President Donald Trump on Wednesday signed and transmitted his decision to trim the 2021 inflow of refugees to under 15,000.
The move continues Trump’s pressure on U.S. companies to hire Americans at higher wages and invest in labor-saving machines, such as high-tech slaughterhouses.
But the labor supply decision was greeted with outrage by the elite left groups, which are paid to distribute refugees to low wage employers round the country.
“In just four years, this Administration has cut annual refugee admissions from 110,000 to a historic low of 15,000. At a time of unprecedented global need, today’s decision is a complete abdication of our humanitarian duty and does a great disservice to our national interests,” said a statement from Krish O’Mara Vignarajah, the chief of Lutheran Immigration and Refugee Service.
“Admissions of Muslim refugees have declined to approximately 2,500, down from approximately 38,900 in FY 2016,” the statement said.
LIRS is one of several “VOLAGs,” or “Volunteer Agencies,” which import the refugees in cooperation with the U.S. State Department.
“Cry me a river,” responded Ann Corcoran, founder of U.S. Refugee Resettlement Watch, which monitors the VOLAG groups and the impact of their cheap-labor dumping on American towns. “When Trump is reelected, one of his top priorities must be to cement this concept of keeping refugees close to their homes until whatever conflict or environmental crisis has occurred is rectified,” she added.
The administration says it is trying to settle many more refugees in regions closer to their home countries with the money that would otherwise be given to the VOLAG to distribute fewer refugees into Americans’ towns.
In 2019, the administration set a ceiling of 30,000 refugees and then settled just 11,814 migrants in U.S. towns.
Trump on the campaign trail is touting the reform of the refugee programs.
Since 19080, refugee organizations have imported almost 4 million refugees, at the taxpayer cost of at least $30 billion. The flood has been used to impose chaotic diversity on stable communities and provide cheap-labor companies with a flood of cheap labor that helps sideline and impoverish Americans, especially in central states such as Iowa. For example, LIRS claims to have resettled 500,000 refugees since 1939.
Joe Biden wants to admit many more refugees.
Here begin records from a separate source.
text \<open>The common neighbours of \<open>v\<close> and a vertex \<open>s\<close> of the link of \<open>v\<close> are neighbours of \<open>s\<close>
  in the link, hence lie in the component of \<open>s\<close> there.\<close>
lemma simplicial_in_link_exposed:
  assumes sg: "simple_graph V E" and "E v b" "E v c" "E b c"
    and "simplicial E (component E {z. E v z} b) s"
  shows "exposed_edge V E v s"
proof -
  define K where "K = component E {z. E v z} b"
  have bN: "b \<in> {z. E v z}" using assms(2) by simp
  have sK: "s \<in> K" using assms(5) unfolding simplicial_def K_def by blast
  have KN: "K \<subseteq> {z. E v z}" using component_subset[OF bN] K_def by blast
  have common: "y \<in> K" if "E v y" "E s y" for y
    using component_closed[of s E "{z. E v z}" b y] sK bN that K_def by blast
  have cN: "c \<in> {z. E v z}" using assms(3) by simp
  obtain z where z: "z \<in> K" "E s z"
    using component_neighbour[OF simple_graphD(4)[OF sg] sK[unfolded K_def] bN cN assms(4)] K_def
    by blast
  show ?thesis
  proof (rule exposed_edgeI[OF sg])
    show "E v s" "E v z" using sK z(1) KN by blast+
    show "E s z" by (rule z(2))
    fix y w assume "E v y" "E s y" "E v w" "E s w" "y \<noteq> w"
    then show "E y w" using assms(5) common unfolding simplicial_def K_def by blast
  qed
qed

theorem lemma2p11:
  fixes V :: "'a set" and E :: "'a \<Rightarrow> 'a \<Rightarrow> bool" and v :: 'a
  assumes "simple_graph V E"
    and "chordal V E"
    and "v \<in> V"
    and "\<exists>C. maximal_clique V E C \<and> v \<in> C \<and> card C \<ge> 3"
  shows "\<exists>u w. u \<noteq> w \<and> exposed_edge V E v u \<and> exposed_edge V E v w"
proof -
  obtain C where C: "clique V E C" "v \<in> C" "card C \<ge> 3"
    using assms(4) unfolding maximal_clique_def by blast
  have "finite (C - {v})" "\<not> card (C - {v}) \<le> Suc 0"
    using C(2,3) card_Diff_singleton[OF C(2)] card.infinite by fastforce+
  then obtain b c where bc: "b \<in> C" "c \<in> C" "b \<noteq> v" "c \<noteq> v" "b \<noteq> c"
    using card_le_Suc0_iff_eq by blast
  then have edges: "E v b" "E v c" "E b c" using C(1,2) unfolding clique_def by auto
  define K where "K = component E {z. E v z} b"
  have "K \<subseteq> V"
    using component_subset[of b "{z. E v z}" E] edges simple_graphD(3)[OF assms(1)] K_def by blast
  moreover have "b \<in> K" "c \<in> K"
    using edges component_closed[of b E "{z. E v z}" b c] unfolding K_def component_def by auto
  ultimately obtain s1 s2 where "s1 \<noteq> s2" "simplicial E K s1" "simplicial E K s2"
    using chordal_two_simplicial[OF assms(1,2)] bc(5) by blast
  then show ?thesis using simplicial_in_link_exposed[OF assms(1) edges] K_def by blast
qed

end
lemma Asg_list_Neg:
  assumes "wf \<phi>"
  shows "Asg_list \<sigma> (Neg \<phi>) \<approx> Or (Blocked \<sigma>) (Neg (Asg_list \<sigma> \<phi>))"
proof (induction \<sigma>)
  case Nil
  show ?case using assms by (intro equiv_by_tautology) auto
next
  case (Cons yc \<sigma>)
  obtain y c where [simp]: "yc = (y, c)" by fastforce
  have "Asg_list (yc # \<sigma>) (Neg \<phi>) \<approx> Asg y c (Or (Blocked \<sigma>) (Neg (Asg_list \<sigma> \<phi>)))"
    using Cons.IH by (simp add: Asg_cong)
  also have "\<dots> \<approx> Or (Asg y c (Blocked \<sigma>)) (Asg y c (Neg (Asg_list \<sigma> \<phi>)))"
    using assms by (intro Asg_Or) auto
  also have "\<dots> \<approx> Or (Blocked (yc # \<sigma>)) (Or (Asg y c Bot) (Neg (Asg_list (yc # \<sigma>) \<phi>)))"
    using assms by (simp, intro Or_cong Asg_vacuous Asg_Neg) auto
  also have "\<dots> \<approx> Or (Blocked (yc # \<sigma>)) (Neg (Asg_list (yc # \<sigma>) \<phi>))"
    using assms by (intro equiv_by_tautology) auto
  finally show ?case .
qed

lemma Asg_list_vacuous:
  assumes "wf \<psi>" and "FV \<psi> \<inter> fst ` set \<sigma> = {}"
  shows "Asg_list \<sigma> \<psi> \<approx> Or (Blocked \<sigma>) \<psi>"
  using assms(2)
proof (induction \<sigma>)
  case Nil
  show ?case using assms by (intro equiv_by_tautology) auto
next
  case (Cons yc \<sigma>)
  obtain y c where [simp]: "yc = (y, c)" by fastforce
  have "Asg_list (yc # \<sigma>) \<psi> \<approx> Asg y c (Or (Blocked \<sigma>) \<psi>)"
    using Cons by (simp add: Asg_cong)
  also have "\<dots> \<approx> Or (Asg y c Bot) (Or (Blocked \<sigma>) \<psi>)"
    using assms Cons.prems by (intro Asg_vacuous) auto
  also have "\<dots> \<approx> Or (Blocked (yc # \<sigma>)) \<psi>"
    using assms by (intro equiv_by_tautology) auto
  finally show ?case .
qed

text \<open>Only the innermost assignment to x matters for p_x.\<close>

lemma Asg_list_Pred:
  assumes "x \<in> fst ` set \<sigma>"
  shows "\<exists>\<gamma>. anf \<gamma> \<and> Asg_list \<sigma> (Pred q x) \<approx> \<gamma>"
  using assms
proof (induction \<sigma>)
  case Nil
  then show ?case by simp
next
  case (Cons yc \<sigma>)
  obtain y c where [simp]: "yc = (y, c)" by fastforce
  show ?case
  proof (cases "x \<in> fst ` set \<sigma>")
    case True
    then obtain \<gamma> where "anf \<gamma>" and \<gamma>: "Asg_list \<sigma> (Pred q x) \<approx> \<gamma>"
      using Cons.IH by blast
    have "sentence \<gamma>"
      using \<open>anf \<gamma>\<close> by (rule anf_sentence)
    have "Asg_list (yc # \<sigma>) (Pred q x) \<approx> Asg y c \<gamma>"
      using \<gamma> by (simp add: Asg_cong)
    also have "\<dots> \<approx> Or (Asg y c Bot) \<gamma>"
      using \<open>sentence \<gamma>\<close> by (intro Asg_vacuous) (auto simp: sentence_def)
    finally show ?thesis
      using \<open>anf \<gamma>\<close> by (blast intro: anf_Or anf.intros)
  next
    case False
    with Cons.prems have [simp]: "y = x" by simp
    have "Asg_list (yc # \<sigma>) (Pred q x) \<approx> Asg x c (Or (Blocked \<sigma>) (Pred q x))"
      using False by (simp add: Asg_cong Asg_list_vacuous)
    also have "\<dots> \<approx> Or (Asg x c (Blocked \<sigma>)) (Asg x c (Pred q x))"
      by (intro Asg_Or) auto
    also have "\<dots> \<approx> Or (Blocked (yc # \<sigma>)) (Asg x c (Pred q x))"
      by (simp, intro Or_cong Asg_vacuous equiv_refl) auto
    finally show ?thesis
      by (blast intro: anf_Or anf_Blocked anf.intros)
  qed
qed

lemma Asg_list_K:
  assumes "sentence \<gamma>" and "finite X"
  shows "Asg_list \<sigma> (K X \<gamma>) \<approx> Or (Blocked \<sigma>) (Asg_list (filter (\<lambda>yc. fst yc \<in> X) \<sigma>) (K X \<gamma>))"
proof (induction \<sigma>)
  case Nil
  show ?case using assms by (intro equiv_by_tautology) (auto simp: sentence_def)
next
  case (Cons yc \<sigma>)
  obtain y c where [simp]: "yc = (y, c)" by fastforce
  let ?C = "Asg_list (filter (\<lambda>yc. fst yc \<in> X) \<sigma>) (K X \<gamma>)"
  have wf: "wf ?C"
    using assms by (simp add: sentence_def)
  have "Asg_list (yc # \<sigma>) (K X \<gamma>) \<approx> Asg y c (Or (Blocked \<sigma>) ?C)"
    using Cons.IH by (simp add: Asg_cong)
  also have "\<dots> \<approx> Or (Asg y c (Blocked \<sigma>)) (Asg y c ?C)"
    using wf by (intro Asg_Or) auto
  also have "\<dots> \<approx> Or (Blocked (yc # \<sigma>)) (Asg y c ?C)"
    using wf by (simp, intro Or_cong Asg_vacuous equiv_refl) auto
  finally have pushed: "Asg_list (yc # \<sigma>) (K X \<gamma>) \<approx> Or (Blocked (yc # \<sigma>)) (Asg y c ?C)" .
  show ?case
  proof (cases "y \<in> X")
    case True
    with pushed show ?thesis by simp
  next
    case False
    note pushed
    also have "Or (Blocked (yc # \<sigma>)) (Asg y c ?C) \<approx> Or (Blocked (yc # \<sigma>)) (Or (Asg y c Bot) ?C)"
      using wf False by (simp add: Or_cong Asg_vacuous equiv_refl)
    also have "\<dots> \<approx> Or (Blocked (yc # \<sigma>)) ?C"
      using wf by (intro equiv_by_tautology) auto
    finally show ?thesis
      using False by simp
  qed
qed

lemma Asg_list_anf:
  assumes "wf \<phi>" and "FV \<phi> \<subseteq> fst ` set \<sigma>"
  shows "\<exists>\<gamma>. anf \<gamma> \<and> Asg_list \<sigma> \<phi> \<approx> \<gamma>"
  using assms
proof (induction \<phi> arbitrary: \<sigma>)
  case (Pred q x)
  then show ?case by (simp add: Asg_list_Pred)
next
  case Top
  show ?case using Asg_list_Top anf.intros(3) by blast
next
  case (Neg \<phi>)
  then obtain \<gamma> where "anf \<gamma>" and \<gamma>: "Asg_list \<sigma> \<phi> \<approx> \<gamma>"
    by auto
  have "Asg_list \<sigma> (Neg \<phi>) \<approx> Or (Blocked \<sigma>) (Neg (Asg_list \<sigma> \<phi>))"
    using Neg.prems by (intro Asg_list_Neg) simp
  also have "\<dots> \<approx> Or (Blocked \<sigma>) (Neg \<gamma>)"
    using \<gamma> by (intro Or_cong Neg_cong equiv_refl) simp
  finally show ?case
    using \<open>anf \<gamma>\<close> by (blast intro: anf_Or anf_Blocked anf.intros)
next
  case (Conj \<phi> \<psi>)
  then obtain \<gamma> \<delta> where "anf \<gamma>" "anf \<delta>"
    and \<gamma>: "Asg_list \<sigma> \<phi> \<approx> \<gamma>" and \<delta>: "Asg_list \<sigma> \<psi> \<approx> \<delta>"
    by force
  have "Asg_list \<sigma> (Conj \<phi> \<psi>) \<approx> Conj (Asg_list \<sigma> \<phi>) (Asg_list \<sigma> \<psi>)"
    using Conj.prems by (intro Asg_list_Conj) simp_all
  also have "\<dots> \<approx> Conj \<gamma> \<delta>"
    using \<gamma> \<delta> by (rule Conj_cong)
  finally show ?case
    using \<open>anf \<gamma>\<close> \<open>anf \<delta>\<close> by (blast intro: anf.intros)
next
  case (Asg x a \<phi>)
  then have "\<exists>\<gamma>. anf \<gamma> \<and> Asg_list (\<sigma> @ [(x, a)]) \<phi> \<approx> \<gamma>"
    by (intro Asg.IH) auto
  then show ?case
    by (simp add: Asg_list_append)
next
  case (K X \<beta>)
  then have "finite X" and "sentence \<beta>"
    by (simp_all add: sentence_def)
  from K.IH[of "[]"] K.prems obtain \<gamma> where "anf \<gamma>" and \<gamma>: "\<beta> \<approx> \<gamma>"
    by auto
  have "sentence \<gamma>"
    using \<open>anf \<gamma>\<close> by (rule anf_sentence)
  let ?\<sigma>\<^sub>X = "filter (\<lambda>yc. fst yc \<in> X) \<sigma>"
  have "Asg_list \<sigma> (K X \<beta>) \<approx> Asg_list \<sigma> (K X \<gamma>)"
    using \<gamma> \<open>sentence \<beta>\<close> \<open>sentence \<gamma>\<close> \<open>finite X\<close> by (intro Asg_list_cong K_cong)
  also have "\<dots> \<approx> Or (Blocked \<sigma>) (Asg_list ?\<sigma>\<^sub>X (K X \<gamma>))"
    using \<open>sentence \<gamma>\<close> \<open>finite X\<close> by (rule Asg_list_K)
  finally have "Asg_list \<sigma> (K X \<beta>) \<approx> Or (Blocked \<sigma>) (Asg_list ?\<sigma>\<^sub>X (K X \<gamma>))" .
  moreover have "fst ` set ?\<sigma>\<^sub>X = X"
    using K.prems by force
  ultimately show ?case
    using anf_Asg_list_K[OF \<open>anf \<gamma>\<close>, of ?\<sigma>\<^sub>X] by (metis anf_Or anf_Blocked)
qed
(* For each prime number $p$, there exists a self-similar $p$-adic fractal string $\mathcal{L}_p\subseteq\mathbb{Z}_p$ of Minkowski--Bouligand dimension $D=\frac{1}{2}$ and with oscillatory period $\mathbf{p}=\frac{\pi}{\log p}$; that is, the geometric zeta function of $\mathcal{L}_p$ has a meromorphic continuation to all of $\mathbb{C}$ whose set of poles (the complex dimensions of $\mathcal{L}_p$) is exactly $\{\frac12+in\frac{\pi}{\log p} : n\in\mathbb{Z}\}$, and $\frac12$ is the abscissa of convergence of the series defining the geometric zeta function.
   Context: Let $p$ be a prime and $\mathbb{Z}_p$ the ring of $p$-adic integers with the $p$-adic absolute value $|\cdot|_p$ ($|p|_p=p^{-1}$). A $p$-adic fractal string $\mathcal{L}$ in $\mathbb{Z}_p$ is a countable disjoint union of balls of the form $a+p^n\mathbb{Z}_p$ ($a\in\mathbb{Z}_p$, $n\geq 1$) contained in $\mathbb{Z}_p$; the ball $a+p^n\mathbb{Z}_p$ has length $p^{-n}$, and $\mathcal{L}$ is encoded by its sequence of lengths $l_j$ (counted with multiplicity). Its geometric zeta function is $\zeta_{\mathcal{L}}(s)=\sum_j l_j^s$, defined for $\Re(s)$ larger than the abscissa of convergence, and (when possible) meromorphically continued to $\mathbb{C}$. The complex dimensions of $\mathcal{L}$ are the poles of this meromorphic continuation. The Minkowski--Bouligand dimension $D$ of $\mathcal{L}$ is the abscissa of convergence of $\sum_j l_j^s$. $\mathcal{L}$ is said to have oscillatory period $\mathbf{p}>0$ if its set of complex dimensions is exactly $\{D+in\mathbf{p}: n\in\mathbb{Z}\}$. $\mathcal{L}$ is self-similar if it is the complement in $\mathbb{Z}_p$ of the unique nonempty compact set $K\subseteq\mathbb{Z}_p$ satisfying $K=\bigcup_{i}\phi_i(K)$ for a finite family of at least two similarity contractions $\phi_i(x)=c_i+p^{m}x$ of $\mathbb{Z}_p$ into itself (with $c_i\in\mathbb{Z}$, $m\ge1$). *)

theory Defs
  imports "HOL-Analysis.Analysis" "HOL-Complex_Analysis.Complex_Analysis"
begin

text \<open>The ring of p-adic integers, modelled as the inverse limit of the
rings Z/p^n Z: an element x is the sequence of its residues x n mod p^n
(0 <= x n < p^n), compatible under reduction. On nat => int the product
topology (int discrete) restricts to the p-adic topology on this set.\<close>

definition Zp :: "nat \<Rightarrow> (nat \<Rightarrow> int) set" where
  "Zp p = {x. \<forall>n. 0 \<le> x n \<and> x n < int p ^ n \<and> x (Suc n) mod (int p ^ n) = x n}"

text \<open>The ball a + p^n Z_p (n >= 1) is determined by the residue r of a mod p^n;
it is encoded by the pair (n, r) with 0 <= r < p^n, and has length p^(-n).\<close>

definition padic_ball :: "nat \<Rightarrow> nat \<Rightarrow> int \<Rightarrow> (nat \<Rightarrow> int) set" where
  "padic_ball p n r = {x \<in> Zp p. x n = r}"

definition ball_codes :: "nat \<Rightarrow> (nat \<times> int) set" where
  "ball_codes p = {(n, r). 1 \<le> n \<and> 0 \<le> r \<and> r < int p ^ n}"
Biden’s 2020 plan promises to “reassert America’s commitment to asylum-seekers and refugees,” wipe out President Donald Trump’s asylum reforms, let companies import more visa workers, and let mayors import temporary workers. Biden also wants to accelerate the inflow of chain migration migrants, end migration enforcement against illegal aliens unless they commit a felony, and dramatically accelerate the inflow of poor refugees to at least 125,000 per year.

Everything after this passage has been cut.